The line holding "using nth_append_notin_right[of C" and every line after it through the end of the entries below: retype these exactly and nothing more.

#### Provided data ####

lemma Sprec_blocks:
  assumes \<sigma>: "\<sigma> \<in> Sprec 1 n k" and k: "2 \<le> k"
  obtains c A B C D where "\<sigma> = A @ B @ 1 # c # C @ D"
    and "\<forall>y\<in>set A \<union> set C. c < y" and "\<forall>y\<in>set B \<union> set D. y < c"
    and "k - 1 \<le> length C" and "C ! (k - 2) = n"
proof -
  obtain P c R where \<sigma>_eq: "\<sigma> = P @ 1 # c # R" and R: "k - 2 < length R" "R ! (k - 2) = n"
    by (rule Sprec_1_pivotE[OF \<sigma> k])
  have perm: "P @ 1 # c # R \<in> perms n" and av: "avoids1324 (P @ 1 # c # R)"
    using \<sigma> \<sigma>_eq by (simp_all add: Sprec_def)
  have n_in: "n \<in> set R"
    using R nth_mem by metis
  define A B C D where "A = filter (\<lambda>y. c \<le> y) P" and "B = filter (\<lambda>y. y < c) P"
    and "C = filter (\<lambda>y. c \<le> y) R" and "D = filter (\<lambda>y. y < c) R"
  have R_eq: "R = C @ D"
    unfolding C_def D_def by (rule avoids1324_suffix_split[OF perm av])
  have "P = A @ B"
    unfolding A_def B_def by (rule avoids1324_prefix_split[OF perm av n_in])
  then have blocks: "\<sigma> = A @ B @ 1 # c # C @ D"
    using \<sigma>_eq R_eq by simp
  have dist: "distinct (P @ 1 # c # R)" and vals: "set (P @ 1 # c # R) = {1..n}"
    using perm by (simp_all add: perms_def)
  have "c \<noteq> n" "c \<le> n"
    using dist vals n_in by auto
  then have "c < n"
    by simp
  have "c \<notin> set A \<union> set C"
    using dist by (auto simp: A_def C_def)
  then have high: "\<forall>y\<in>set A \<union> set C. c < y"
    unfolding A_def C_def by (auto simp: order.order_iff_strict)
  have low: "\<forall>y\<in>set B \<union> set D. y < c"
    unfolding B_def D_def by auto
  have "n \<notin> set D"
    using bspec[OF low, of n] \<open>c < n\<close> by auto
  then have "k - 2 < length C" "C ! (k - 2) = n"
    using nth_append_notin_right[of C D "k - 2" n] R unfolding R_eq by auto
  moreover have "k - 1 \<le> length C"
    using \<open>k - 2 < length C\<close> k by linarith
  ultimately show ?thesis
    using that blocks high low by blast
qed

####

• [Output below]:
    using nth_append_notin_right[of C D "k - 2" n] R unfolding R_eq by auto
  moreover have "k - 1 \<le> length C"
    using \<open>k - 2 < length C\<close> k by linarith
  ultimately show ?thesis
    using that blocks high low by blast
qed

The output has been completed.